Yes! Both were inspirations. While You Were Sleeping is one of the rare movies that can span the age gaps between me, my older sister, and my youngest sister. We all watch it at least once every holiday season. I think it's an excellent example of what a lot of romcoms in the RomCom Golden Age of the 90s did so well: package serious topics and emotions, like loneliness, together with humor and hope. And in my opinion, that's something that Ms. Marvel does well, too.


3. Let's talk about cosplay. Do you have any interest in the activity, or was it just a convenient way to hide Sonia's anonymity when she saves James in a superhero costume?

Oh no, I love cosplay, and Halloween's my favorite holiday. Like Sonia, I sometimes enjoy and appreciate costume construction more than the actual source material. One of my favorite memories is taking my brother to San Diego Comic Con a few years ago. We cosplayed in coordinating outfits every day, except for the day I was on a panel — where he jumped into the question line dressed as Miles Morales in a loving yet futile attempt to embarrass me.


4. You are a master of writing stories with nuanced characters who are BIPOC or part of other marginalized communities. Was this a goal for you as a diverse writer, or something that simply emerged from your own lived experience? In your opinion, what are some things to keep in mind when writing diverse characters? Do you have any pet peeves or portrayals that make you wince?

My main goal in writing romance is to make it clear that everyone is worthy of love and happiness. A lot of us grew up never seeing people who looked like us falling in love, and I'm hopeful that the next generation will be secure from the time they're young that they're main character material. My characters do unfold naturally, but I also try to be conscious of what I feel qualified to write. I think that's the most important thing to keep in mind, to be self-aware. There's some stories I just don't feel qualified to write because someone else could do more justice to them, and that's okay. And, yes, there's been South Asian American portrayals on TV or in movies that make me wince.
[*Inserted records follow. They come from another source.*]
(* A homomorphism $a:X\to G$ is a generalized subgroup of $G$ if and only if (a) $\mathrm{Ker}(a)$ is contained in the center of $X$, and (b) $\mathrm{Hom}(X,\mathrm{Ker}(a))=0$.
   Context: A homomorphism $a:X\to G$ is a generalized subgroup of $G$ if the map $\mathrm{Hom}(X,X)\to\mathrm{Hom}(X,G)$, $f\mapsto af$, is injective. $\mathrm{Hom}(A,B)=0$ means the only homomorphism $A\to B$ is trivial. *)

theory Defs
  imports "HOL-Algebra.Algebra"
begin

definition group_center :: "('a, 'm) monoid_scheme \<Rightarrow> 'a set" where
  "group_center H = {z \<in> carrier H. \<forall>x \<in> carrier H. z \<otimes>\<^bsub>H\<^esub> x = x \<otimes>\<^bsub>H\<^esub> z}"

text \<open>Homomorphisms are identified with their restriction to the carrier of the domain.
  a : X \<rightarrow> G is a generalized subgroup iff f \<mapsto> a \<circ> f from Hom(X,X) to Hom(X,G) is injective.\<close>
definition generalized_subgroup ::
  "('a, 'm) monoid_scheme \<Rightarrow> ('b, 'n) monoid_scheme \<Rightarrow> ('a \<Rightarrow> 'b) \<Rightarrow> bool" where
  "generalized_subgroup H K a \<longleftrightarrow>
     (\<forall>f \<in> hom H H. \<forall>g \<in> hom H H.
        (\<forall>x \<in> carrier H. a (f x) = a (g x)) \<longrightarrow> (\<forall>x \<in> carrier H. f x = g x))"

definition trivial_homs :: "('a, 'm) monoid_scheme \<Rightarrow> ('b, 'n) monoid_scheme \<Rightarrow> bool" where
  "trivial_homs A B \<longleftrightarrow> (\<forall>f \<in> hom A B. \<forall>x \<in> carrier A. f x = \<one>\<^bsub>B\<^esub>)"

end

theory Submission
  imports Defs
begin

(* For a homomorphism a : H \<rightarrow> G with kernel K, two endomorphisms f, g of H satisfy
   a \<circ> f = a \<circ> g exactly when their "quotient" q(x) = f(x) g(x)\<inverse> takes values in K.
   The proof rests on two ways of moving between endomorphisms and maps into K:
   - if q(x) = f(x) g(x)\<inverse> is central for all x, then q is itself a homomorphism;
   - if \<phi> is a homomorphism with central values, then x \<mapsto> f(x) \<phi>(x) is a homomorphism.
   Necessity: conjugation by k \<in> K is an endomorphism indistinguishable from the identity
   after composing with a, so it is the identity, i.e. k is central; then any \<phi> : H \<rightarrow> K
   yields the endomorphism x \<mapsto> x \<phi>(x), again indistinguishable from the identity, so \<phi> = 1.
   Sufficiency: if a \<circ> f = a \<circ> g, the quotient q is a homomorphism H \<rightarrow> K (K being
   central), hence trivial, hence f = g. *)

lemma group_centerD:
  "z \<in> group_center H \<Longrightarrow> x \<in> carrier H \<Longrightarrow> z \<otimes>\<^bsub>H\<^esub> x = x \<otimes>\<^bsub>H\<^esub> z"
  by (simp add: group_center_def)

lemma hom_into_subset_iff:
  "\<phi> \<in> hom L (H\<lparr>carrier := S\<rparr>) \<longleftrightarrow> \<phi> \<in> hom L H \<and> \<phi> ` carrier L \<subseteq> S"
  if "S \<subseteq> carrier H"
  using that by (auto simp: hom_def)

lemma id_in_hom: "(\<lambda>x. x) \<in> hom H H"
  by (rule homI) auto

lemma (in group) conjugation_in_hom:
  assumes k: "k \<in> carrier G"
  shows "(\<lambda>x. k \<otimes> x \<otimes> inv k) \<in> hom G G"
proof (rule homI)
  fix x y assume x: "x \<in> carrier G" and y: "y \<in> carrier G"
  have "k \<otimes> x \<otimes> inv k \<otimes> (k \<otimes> y \<otimes> inv k) = k \<otimes> x \<otimes> (inv k \<otimes> k) \<otimes> y \<otimes> inv k"
    using x y k by (simp only: m_assoc m_closed inv_closed)
  also have "\<dots> = k \<otimes> (x \<otimes> y) \<otimes> inv k"
    using x y k by (simp add: m_assoc)
  finally show "k \<otimes> (x \<otimes> y) \<otimes> inv k = k \<otimes> x \<otimes> inv k \<otimes> (k \<otimes> y \<otimes> inv k)" by simp
qed (use k in auto)

lemma (in group) central_twist_in_hom:
  assumes f: "f \<in> hom L G" and \<phi>: "\<phi> \<in> hom L G"
    and central: "\<And>x. x \<in> carrier L \<Longrightarrow> \<phi> x \<in> group_center G"
  shows "(\<lambda>x. f x \<otimes> \<phi> x) \<in> hom L G"
proof (rule homI)
  fix x y assume x: "x \<in> carrier L" and y: "y \<in> carrier L"
  note closed = hom_in_carrier[OF f x] hom_in_carrier[OF f y]
    hom_in_carrier[OF \<phi> x] hom_in_carrier[OF \<phi> y]
  have "f (x \<otimes>\<^bsub>L\<^esub> y) \<otimes> \<phi> (x \<otimes>\<^bsub>L\<^esub> y) = f x \<otimes> (f y \<otimes> \<phi> x) \<otimes> \<phi> y"
    using x y closed f \<phi> by (simp add: hom_mult m_assoc)
  also have "\<dots> = f x \<otimes> (\<phi> x \<otimes> f y) \<otimes> \<phi> y"
    using group_centerD[OF central[OF x] closed(2)] by simp
  also have "\<dots> = f x \<otimes> \<phi> x \<otimes> (f y \<otimes> \<phi> y)"
    using closed by (simp add: m_assoc)
  finally show "f (x \<otimes>\<^bsub>L\<^esub> y) \<otimes> \<phi> (x \<otimes>\<^bsub>L\<^esub> y) = f x \<otimes> \<phi> x \<otimes> (f y \<otimes> \<phi> y)" .
qed (use f \<phi> in \<open>auto intro: hom_in_carrier\<close>)

lemma (in group) central_quotient_in_hom:
  assumes f: "f \<in> hom L G" and g: "g \<in> hom L G"
    and central: "\<And>x. x \<in> carrier L \<Longrightarrow> f x \<otimes> inv g x \<in> group_center G"
  shows "(\<lambda>x. f x \<otimes> inv g x) \<in> hom L G"
proof (rule homI)
  fix x y assume x: "x \<in> carrier L" and y: "y \<in> carrier L"
  define q where "q = (\<lambda>x. f x \<otimes> inv g x)"
  note closed = hom_in_carrier[OF f x] hom_in_carrier[OF f y]
    hom_in_carrier[OF g x] hom_in_carrier[OF g y]
  have q_closed: "q x \<in> carrier G" "q y \<in> carrier G"
    using closed by (simp_all add: q_def)
  have "q (x \<otimes>\<^bsub>L\<^esub> y) = f x \<otimes> q y \<otimes> inv g x"
    using x y closed f g by (simp add: q_def hom_mult m_assoc inv_mult_group)
  also have "\<dots> = q y \<otimes> f x \<otimes> inv g x"
    using group_centerD[OF central[OF y] closed(1)] by (simp add: q_def)
  also have "\<dots> = q y \<otimes> q x"
    using closed q_closed by (simp add: q_def m_assoc)
  also have "\<dots> = q x \<otimes> q y"
    using group_centerD[OF central[OF y] q_closed(1)] by (simp add: q_def)
  finally show "f (x \<otimes>\<^bsub>L\<^esub> y) \<otimes> inv g (x \<otimes>\<^bsub>L\<^esub> y) = f x \<otimes> inv g x \<otimes> (f y \<otimes> inv g y)"
    by (simp add: q_def)
qed (use f g in \<open>auto intro: hom_in_carrier\<close>)

lemma generalized_subgroup_fixes:
  assumes "generalized_subgroup H G a" and "f \<in> hom H H"
    and "\<And>x. x \<in> carrier H \<Longrightarrow> a (f x) = a x" and "x \<in> carrier H"
  shows "f x = x"
  using assms id_in_hom unfolding generalized_subgroup_def by (metis (no_types, lifting))

lemma kernel_subset: "kernel H G a \<subseteq> carrier H"
  by (auto simp: kernel_def)

context
  fixes H :: "('a, 'm) monoid_scheme" and G :: "('b, 'n) monoid_scheme" and a :: "'a \<Rightarrow> 'b"
  assumes a: "group_hom H G a"
begin

interpretation H: group H using a by (simp add: group_hom_def)
interpretation a: group_hom H G a by (fact a)

(* Condition (a): the kernel of a generalized subgroup is central,
   since conjugation by a kernel element is invisible to a. *)
lemma kernel_central_if_generalized_subgroup:
  assumes gs: "generalized_subgroup H G a"
  shows "kernel H G a \<subseteq> group_center H"
proof
  fix k assume k: "k \<in> kernel H G a"
  then have kH: "k \<in> carrier H" and ak: "a k = \<one>\<^bsub>G\<^esub>" by (auto simp: kernel_def)
  have conj_trivial: "k \<otimes>\<^bsub>H\<^esub> x \<otimes>\<^bsub>H\<^esub> inv\<^bsub>H\<^esub> k = x" if x: "x \<in> carrier H" for x
  proof (rule generalized_subgroup_fixes[OF gs H.conjugation_in_hom[OF kH] _ x])
    fix y assume "y \<in> carrier H"
    then show "a (k \<otimes>\<^bsub>H\<^esub> y \<otimes>\<^bsub>H\<^esub> inv\<^bsub>H\<^esub> k) = a y"
      using kH ak by (simp add: a.hom_mult a.hom_inv)
  qed
  show "k \<in> group_center H" unfolding group_center_def
  proof (intro CollectI conjI ballI kH)
    fix x assume x: "x \<in> carrier H"
    have "k \<otimes>\<^bsub>H\<^esub> x \<otimes>\<^bsub>H\<^esub> inv\<^bsub>H\<^esub> k \<otimes>\<^bsub>H\<^esub> k = x \<otimes>\<^bsub>H\<^esub> k"
      using conj_trivial[OF x] by simp
    then show "k \<otimes>\<^bsub>H\<^esub> x = x \<otimes>\<^bsub>H\<^esub> k" using x kH by (simp add: H.m_assoc)
  qed
qed

(* Condition (b): given (a), every homomorphism \<phi> : H \<rightarrow> Ker a is trivial,
   since x \<mapsto> x \<phi>(x) is an endomorphism invisible to a. *)
lemma no_homs_to_kernel_if_generalized_subgroup:
  assumes gs: "generalized_subgroup H G a"
    and central: "kernel H G a \<subseteq> group_center H"
  shows "trivial_homs H (H\<lparr>carrier := kernel H G a\<rparr>)"
  unfolding trivial_homs_def
proof (intro ballI)
  fix \<phi> x assume \<phi>: "\<phi> \<in> hom H (H\<lparr>carrier := kernel H G a\<rparr>)" and x: "x \<in> carrier H"
  have "\<phi> \<in> hom H H \<and> \<phi> ` carrier H \<subseteq> kernel H G a"
    using \<phi> hom_into_subset_iff[OF kernel_subset[of H G a]] by blast
  then have \<phi>_H: "\<phi> \<in> hom H H" and \<phi>_K: "\<And>y. y \<in> carrier H \<Longrightarrow> \<phi> y \<in> kernel H G a"
    by auto
  have twist: "(\<lambda>y. y \<otimes>\<^bsub>H\<^esub> \<phi> y) \<in> hom H H"
    using H.central_twist_in_hom[OF id_in_hom \<phi>_H] \<phi>_K central by auto
  have "x \<otimes>\<^bsub>H\<^esub> \<phi> x = x"
  proof (rule generalized_subgroup_fixes[OF gs twist _ x])
    fix y assume "y \<in> carrier H"
    then show "a (y \<otimes>\<^bsub>H\<^esub> \<phi> y) = a y"
      using \<phi>_K hom_in_carrier[OF \<phi>_H] by (simp add: a.hom_mult kernel_def)
  qed
  then show "\<phi> x = \<one>\<^bsub>H\<lparr>carrier := kernel H G a\<rparr>\<^esub>"
    using x hom_in_carrier[OF \<phi>_H x] H.r_cancel_one by simp
qed

(* Sufficiency: the quotient of two endomorphisms that agree after a is a homomorphism
   into the central kernel, hence trivial. *)
lemma generalized_subgroup_if_central_kernel:
  assumes central: "kernel H G a \<subseteq> group_center H"
    and trivial: "trivial_homs H (H\<lparr>carrier := kernel H G a\<rparr>)"
  shows "generalized_subgroup H G a"
  unfolding generalized_subgroup_def
proof (intro ballI impI)
  fix f g x assume f: "f \<in> hom H H" and g: "g \<in> hom H H"
    and agree: "\<forall>y\<in>carrier H. a (f y) = a (g y)" and x: "x \<in> carrier H"
  define q where "q = (\<lambda>y. f y \<otimes>\<^bsub>H\<^esub> inv\<^bsub>H\<^esub> g y)"
  have q_K: "q y \<in> kernel H G a" if y: "y \<in> carrier H" for y
    using y hom_in_carrier[OF f y] hom_in_carrier[OF g y] agree
    by (simp add: q_def kernel_def a.hom_mult a.hom_inv)
  have "q \<in> hom H H"
    using H.central_quotient_in_hom[OF f g] q_K central by (auto simp: q_def)
  then have "q \<in> hom H (H\<lparr>carrier := kernel H G a\<rparr>)"
    using hom_into_subset_iff[OF kernel_subset[of H G a]] q_K by auto
  then have "f x \<otimes>\<^bsub>H\<^esub> inv\<^bsub>H\<^esub> g x = \<one>\<^bsub>H\<^esub>"
    using trivial x unfolding trivial_homs_def q_def by fastforce
  then have "f x \<otimes>\<^bsub>H\<^esub> inv\<^bsub>H\<^esub> g x \<otimes>\<^bsub>H\<^esub> g x = g x"
    using hom_in_carrier[OF g x] by simp
  then show "f x = g x"
    using hom_in_carrier[OF f x] hom_in_carrier[OF g x] by (simp add: H.m_assoc)
qed

end

theorem proposition4p2:
  fixes H :: "('a, 'm) monoid_scheme" and G :: "('b, 'n) monoid_scheme" and a :: "'a \<Rightarrow> 'b"
  assumes "group H" and "group G" and "a \<in> hom H G"
  shows "generalized_subgroup H G a \<longleftrightarrow>
           (kernel H G a \<subseteq> group_center H \<and>
            trivial_homs H (H\<lparr>carrier := kernel H G a\<rparr>))"
proof -
  have a: "group_hom H G a"
    using assms by (simp add: group_hom_def group_hom_axioms_def)
  show ?thesis
    using kernel_central_if_generalized_subgroup[OF a]
      no_homs_to_kernel_if_generalized_subgroup[OF a]
      generalized_subgroup_if_central_kernel[OF a]
    by blast
qed

end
But so long as the depiction isn't flat out racist or harmful, I remind myself that we're not a monolith, and what I find unrealistic may be someone else's lived experience. 


5. I loved all the food references in While You Were Dreaming. Favorite desi dish?

This is tough! I'm a snacker at heart so I love any and all Mumbai street food: pani puri, bhel, Bombay sandwiches, pav bhaji. I'm not South Indian, but I adore the cuisine, especially idli and masala dosa. This isn't a dish, but properly prepared masala chai runs through my veins. That is way more than one, sorry!


6. What do you hope readers take away from While You Were Dreaming?

I'd like them to take away the overall message of the story: that there can be hope and happiness even in the darkest of times. Hoping and dreaming are essential acts of self-care, and the best tools to get us through those messy periods in our lives.


A Final Note from Uzma:

While You Were Dreaming is a dream of a novel: passionate, funny, and so very human. While it doesn't shy away from serious issues or teenage angst, it manages —like all of Alisha's novels — to be a delicious confection, highly readable, and always hopeful.